Av-Comparatives: Retrospective/Proactive Comparative May 2010

You are right

in my opinion many fps are acceptable with high detection rate

 

That is what Dynamic tests are for, that is why some people argue in a valid way that the Dynamic test is the only real relevant test anymore. That test includes signatures, generic detecton, heuristics, emulated execution technologies, behavior-based detection and in-the-cloud technologies.

And indeed some versions tested are outdated, Avira 9 was used instead of Version 10 (I agree with clock that (although it doesn't matter because behavior-based detection is not included here) the ProActiv module of Avira 10 is not something which does really add something at this moment, I think it is fair to say avast! Behavior Shield has the same problem. Actually on the behavior blockers of G Data works good.); ESET 4.0 instead of 4.2, because the test is actually performed in February.

It indeed proofs anti-virus in this form isn't able to handle the massive amount of new malware, the Dynamic technologies have really to be of some seriously good quality.

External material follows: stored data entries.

(* Let $A\in\mathbb{R}^{n\times n}$ be symmetric positive semidefinite and $b\in\mathbb{R}^n$. Apply the $CD$ method (described in the context) to $Ay=b$ with starting point $y_0\in\mathbb{R}^n$ and real parameters $\gamma_i\neq0$, and assume it runs without breakdown (all denominators nonzero) and produces $y_0,\dots,y_{m+1}$, $r_0,\dots,r_m$ (all nonzero) and $p_0,\dots,p_m$, with $m+1\le n$ and $Ay_{m+1}=b$. Let $y^\ast$ be any solution of $Ay=b$, let $f(y)=\tfrac12(y-y^\ast)^TA(y-y^\ast)$, and for $i\in\{1,\dots,m\}$ let $g_i(y)=\tfrac12(y-y_i)^TA(y-y_i)$. Then: (1) the minimum of $g_1$ over the line $\{y_1+\gamma_0Ap_0+tp_0:\ t\in\mathbb{R}\}$ is attained at $t=-\sigma_0$; (2) for each $i=2,\dots,m$, the minimum of $g_i$ over the two-dimensional affine set $\{y_i+\gamma_{i-1}Ap_{i-1}+sp_{i-1}+tp_{i-2}:\ s,t\in\mathbb{R}\}$ is attained at $(s,t)=(-\sigma_{i-1},-\omega_{i-1})$; (3) for $i=1,\dots,m$, $$f(y_i+a_ip_i)=f(y_i)-\frac12\left(\frac{\gamma_{i-1}}{a_{i-1}}\right)^2\frac{\|r_i\|^4}{p_i^TAp_i};$$ (4) with $A^+$ the Moore–Penrose pseudoinverse of $A$, $$\left[A^+-\sum_{i=0}^m\frac{p_ip_i^T}{p_i^TAp_i}\right]r_0=0.$$
   Context: The $CD$ method for solving $Ay=b$, with starting point $y_0\in\mathbb{R}^n$ and nonzero real parameters $\gamma_0,\gamma_1,\dots$, is the following iteration (all norms Euclidean). Set $r_0=b-Ay_0$; if $r_0=0$ stop; set $p_0=r_0$. For $k=0,1,2,\dots$: compute $a_k=\dfrac{r_k^Tp_k}{p_k^TAp_k}$, $y_{k+1}=y_k+a_kp_k$, $r_{k+1}=r_k-a_kAp_k$; if $r_{k+1}=0$ stop; otherwise set $\sigma_k=\gamma_k\dfrac{\|Ap_k\|^2}{p_k^TAp_k}$ and, if $k=0$, $p_1=\gamma_0Ap_0-\sigma_0p_0$, while if $k\ge1$, $\omega_k=\gamma_k\dfrac{(Ap_k)^T(Ap_{k-1})}{p_{k-1}^TAp_{k-1}}$ and $p_{k+1}=\gamma_kAp_k-\sigma_kp_k-\omega_kp_{k-1}$. *)

theory Defs
  imports "HOL-Analysis.Analysis"
begin

definition sym_psd :: "real^'n^'n \<Rightarrow> bool" where
  "sym_psd A \<longleftrightarrow> transpose A = A \<and> (\<forall>x. 0 \<le> x \<bullet> (A *v x))"

definition outer_prod :: "real^'n \<Rightarrow> real^'n \<Rightarrow> real^'n^'n" where
  "outer_prod u v = (\<chi> i j. u $ i * v $ j)"

definition is_moore_penrose :: "real^'n^'n \<Rightarrow> real^'n^'n \<Rightarrow> bool" where
  "is_moore_penrose A X \<longleftrightarrow>
     A ** X ** A = A \<and> X ** A ** X = X \<and>
     transpose (A ** X) = A ** X \<and> transpose (X ** A) = X ** A"

definition cd_a :: "real^'n^'n \<Rightarrow> (nat \<Rightarrow> real^'n) \<Rightarrow> (nat \<Rightarrow> real^'n) \<Rightarrow> nat \<Rightarrow> real" where
  "cd_a A r p k = (r k \<bullet> p k) / (p k \<bullet> (A *v p k))"

definition cd_sigma :: "real^'n^'n \<Rightarrow> (nat \<Rightarrow> real^'n) \<Rightarrow> (nat \<Rightarrow> real) \<Rightarrow> nat \<Rightarrow> real" where
  "cd_sigma A p \<gamma> k = \<gamma> k * (norm (A *v p k))^2 / (p k \<bullet> (A *v p k))"

definition cd_omega :: "real^'n^'n \<Rightarrow> (nat \<Rightarrow> real^'n) \<Rightarrow> (nat \<Rightarrow> real) \<Rightarrow> nat \<Rightarrow> real" where
  "cd_omega A p \<gamma> k =
     \<gamma> k * ((A *v p k) \<bullet> (A *v p (k - 1))) / (p (k - 1) \<bullet> (A *v p (k - 1)))"

definition energy :: "real^'n^'n \<Rightarrow> real^'n \<Rightarrow> real^'n \<Rightarrow> real" where
  "energy A c y = 1/2 * ((y - c) \<bullet> (A *v (y - c)))"

end

theory Submission
  imports Defs
begin

text \<open>The directions \<open>p\<^sub>0, \<dots>, p\<^sub>m\<close> are \<open>A\<close>-conjugate: the recurrence orthogonalises
  \<open>A p\<^sub>k\<close> against \<open>p\<^sub>k\<close> and \<open>p\<^sub>k\<^sub>-\<^sub>1\<close>, and conjugacy to the older directions is inherited
  because \<open>A p\<^sub>j\<close> lies in the span of \<open>p\<^sub>0, \<dots>, p\<^sub>j\<^sub>+\<^sub>1\<close>. Hence each residual is orthogonal
  to all earlier directions and residuals. Parts (1) and (2) say that \<open>p\<^sub>i\<close> is \<open>A\<close>-orthogonal to
  the directions of the line or plane; (3) is the decrease of an exact line search combined with
  \<open>r\<^sub>i\<^sup>T p\<^sub>i = -(\<gamma>\<^sub>i\<^sub>-\<^sub>1 / a\<^sub>i\<^sub>-\<^sub>1) \<parallel>r\<^sub>i\<parallel>\<^sup>2\<close>; for (4), \<open>y\<^sub>m\<^sub>+\<^sub>1 - y\<^sub>0 = \<Sum> a\<^sub>i p\<^sub>i\<close> lies in
  the range of \<open>A\<close>, on which \<open>A\<^sup>+\<close> inverts \<open>A\<close>, and
  \<open>p\<^sub>i p\<^sub>i\<^sup>T r\<^sub>0 / p\<^sub>i\<^sup>T A p\<^sub>i = a\<^sub>i p\<^sub>i\<close> since \<open>p\<^sub>i\<^sup>T r\<^sub>0 = p\<^sub>i\<^sup>T r\<^sub>i\<close>.\<close>

lemma inner_matrix_vector_sym:
  fixes A :: "real^'n^'n"
  assumes "transpose A = A"
  shows "x \<bullet> (A *v y) = y \<bullet> (A *v x)"
proof -
  have "x \<bullet> (A *v y) = (x v* A) \<bullet> y" by (simp add: dot_lmul_matrix)
  also have "x v* A = A *v x" by (metis assms transpose_matrix_vector)
  finally show ?thesis by (simp add: inner_commute)
qed

lemma energy_add:
  fixes A :: "real^'n^'n"
  assumes "transpose A = A"
  shows "energy A c (x + v) = energy A c x + v \<bullet> (A *v (x - c)) + 1/2 * (v \<bullet> (A *v v))"
proof -
  have "x + v - c = (x - c) + v" by simp
  then show ?thesis
    unfolding energy_def using inner_matrix_vector_sym[OF assms, of "x - c" v]
    by (simp add: matrix_vector_right_distrib inner_add_left inner_add_right algebra_simps)
qed

lemma energy_le_energy_add:
  fixes A :: "real^'n^'n"
  assumes "sym_psd A" and "v \<bullet> (A *v (x - c)) = 0"
  shows "energy A c x \<le> energy A c (x + v)"
  using assms energy_add[of A c x v] unfolding sym_psd_def by auto

lemma outer_prod_mult_vector: "outer_prod u v *v (x::real^'n) = (v \<bullet> x) *\<^sub>R u"
  by (simp add: outer_prod_def matrix_vector_mult_def vec_eq_iff inner_vec_def
      sum_distrib_left mult_ac)

lemma sum_matrix_vector_mult:
  fixes M :: "'i \<Rightarrow> real^'n^'n"
  shows "(\<Sum>i\<in>S. M i) *v x = (\<Sum>i\<in>S. M i *v x)"
proof (induction S rule: infinite_finite_induct)
  case (insert i S)
  then show ?case by (simp add: matrix_vector_mult_add_rdistrib)
qed simp_all

lemma moore_penrose_inverse_on_range:
  fixes A X :: "real^'n^'n"
  assumes "is_moore_penrose A X" and "transpose A = A" and "v \<in> range ((*v) A)"
  shows "X *v (A *v v) = v"
proof -
  obtain w where v: "v = A *v w" using assms(3) by auto
  have "X ** A = A ** transpose X"
    using assms(1,2) unfolding is_moore_penrose_def by (metis matrix_transpose_mul)
  then have "X ** A ** A = A ** transpose X ** A" by simp
  also have "\<dots> = A"
    using assms(1,2) unfolding is_moore_penrose_def
    by (metis matrix_transpose_mul matrix_mul_assoc)
  finally show ?thesis
    by (metis v matrix_vector_mul_assoc)
qed

locale cd_run =
  fixes A :: "real^'n^'n" and b :: "real^'n"
    and y r p :: "nat \<Rightarrow> real^'n" and \<gamma> :: "nat \<Rightarrow> real" and m :: nat
  assumes sym: "transpose A = A"
    and gamma_nz: "\<gamma> k \<noteq> 0"
    and r0: "r 0 = b - A *v y 0"
    and p0: "p 0 = r 0"
    and ystep: "k \<le> m \<Longrightarrow> y (Suc k) = y k + cd_a A r p k *\<^sub>R p k"
    and rstep: "k \<le> m \<Longrightarrow> r (Suc k) = r k - cd_a A r p k *\<^sub>R (A *v p k)"
    and p1: "1 \<le> m \<Longrightarrow> p 1 = \<gamma> 0 *\<^sub>R (A *v p 0) - cd_sigma A p \<gamma> 0 *\<^sub>R p 0"
    and pstep: "1 \<le> k \<Longrightarrow> k < m \<Longrightarrow>
        p (Suc k) = \<gamma> k *\<^sub>R (A *v p k) - cd_sigma A p \<gamma> k *\<^sub>R p k
                    - cd_omega A p \<gamma> k *\<^sub>R p (k - 1)"
    and den_nz: "k \<le> m \<Longrightarrow> p k \<bullet> (A *v p k) \<noteq> 0"
begin

abbreviation "a \<equiv> cd_a A r p"
abbreviation "\<sigma> \<equiv> cd_sigma A p \<gamma>"

text \<open>With the convention \<open>\<omega>\<^sub>0 = 0\<close> both recurrences for the directions become one.\<close>
definition \<omega> :: "nat \<Rightarrow> real" where
  "\<omega> k = (if k = 0 then 0 else cd_omega A p \<gamma> k)"

lemma p_Suc:
  "k < m \<Longrightarrow> p (Suc k) = \<gamma> k *\<^sub>R (A *v p k) - \<sigma> k *\<^sub>R p k - \<omega> k *\<^sub>R p (k - 1)"
  using p1 pstep by (cases "k = 0") (simp_all add: \<omega>_def)

lemma sigma_mult_den:
  "k \<le> m \<Longrightarrow> \<sigma> k * (p k \<bullet> (A *v p k)) = \<gamma> k * ((A *v p k) \<bullet> (A *v p k))"
  using den_nz by (simp add: cd_sigma_def power2_norm_eq_inner)

lemma omega_mult_den:
  "1 \<le> k \<Longrightarrow> k \<le> Suc m \<Longrightarrow>
     \<omega> k * (p (k - 1) \<bullet> (A *v p (k - 1))) = \<gamma> k * ((A *v p k) \<bullet> (A *v p (k - 1)))"
  using den_nz[of "k - 1"] by (simp add: \<omega>_def cd_omega_def)

lemma A_p_in_span: "k < m \<Longrightarrow> A *v p k \<in> span (p ` {..Suc k})"
proof -
  assume k: "k < m"
  have "A *v p k = (1 / \<gamma> k) *\<^sub>R (p (Suc k) + \<sigma> k *\<^sub>R p k + \<omega> k *\<^sub>R p (k - 1))"
    using p_Suc[OF k] gamma_nz[of k] by (simp add: algebra_simps)
  moreover have "p (Suc k) \<in> span (p ` {..Suc k})" "p k \<in> span (p ` {..Suc k})"
    "p (k - 1) \<in> span (p ` {..Suc k})"
    by (auto intro!: span_base)
  ultimately show ?thesis by (simp add: span_add span_mul)
qed

lemma inner_p_A_p_Suc:
  "k < m \<Longrightarrow> p j \<bullet> (A *v p (Suc k)) =
     \<gamma> k * ((A *v p k) \<bullet> (A *v p j)) - \<sigma> k * (p j \<bullet> (A *v p k)) - \<omega> k * (p j \<bullet> (A *v p (k - 1)))"
  using inner_matrix_vector_sym[OF sym, of "p j" "A *v p k"]
  by (subst p_Suc) (simp_all add: matrix_vector_right_distrib matrix_vector_mult_diff_distrib
      matrix_vector_mult_scaleR inner_diff_right)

Possibilities for the dynamic technologies:
-sandboxing: I do quite like this solution;
-HIPS: not a huge fan of this solution (Why should I install a program which relies on my computer and internet knowledge/behavior to protect me against my own knowledge/behavior?. I have got the knowledge to answer the popups correctly but I don't like the approach.);
-in-the-cloud technologies: is an approach to make an antivirus quicker in finding new malware but doesn't really improve the proactive detection, it's more of a quicker reactive way.
-repution-based: is not bullet proof for a the same reason as HIPS, but in combination with the above gives a proper extra layer;
-behavior-based: the most newly adapted layer by the antivirus companies.

But in my opinion using Windows 7 is already a great layer, since Windows 7 delivers a huge amount of great security options: firewall, DEP, SEHOP, UAC, SmartScreen-filter, Protected Mode, Standard Account, Restriction Policies/AppLocker, Rights Managment, Backup, System Restore Points and 64-bit. And the most importand layer is ofcourse your own knowledge/behavior.
I never had a virus with the combination of anti-virus, Windows 7 x64 and common sense.

Also the relevance of zero-day malware is often exaggerated, there aren't many people attacked by zero-day malware. Older malware is still the biggest threat for pc users.

 

He's celebrating this winning moment !!

 

Yes, exactly. To use an analogy, it is conceptually similar to testing the performance of a car with several major subsystems removed. The results are intellectually interesting, but bear little resemblance to anything an actual driver would experience.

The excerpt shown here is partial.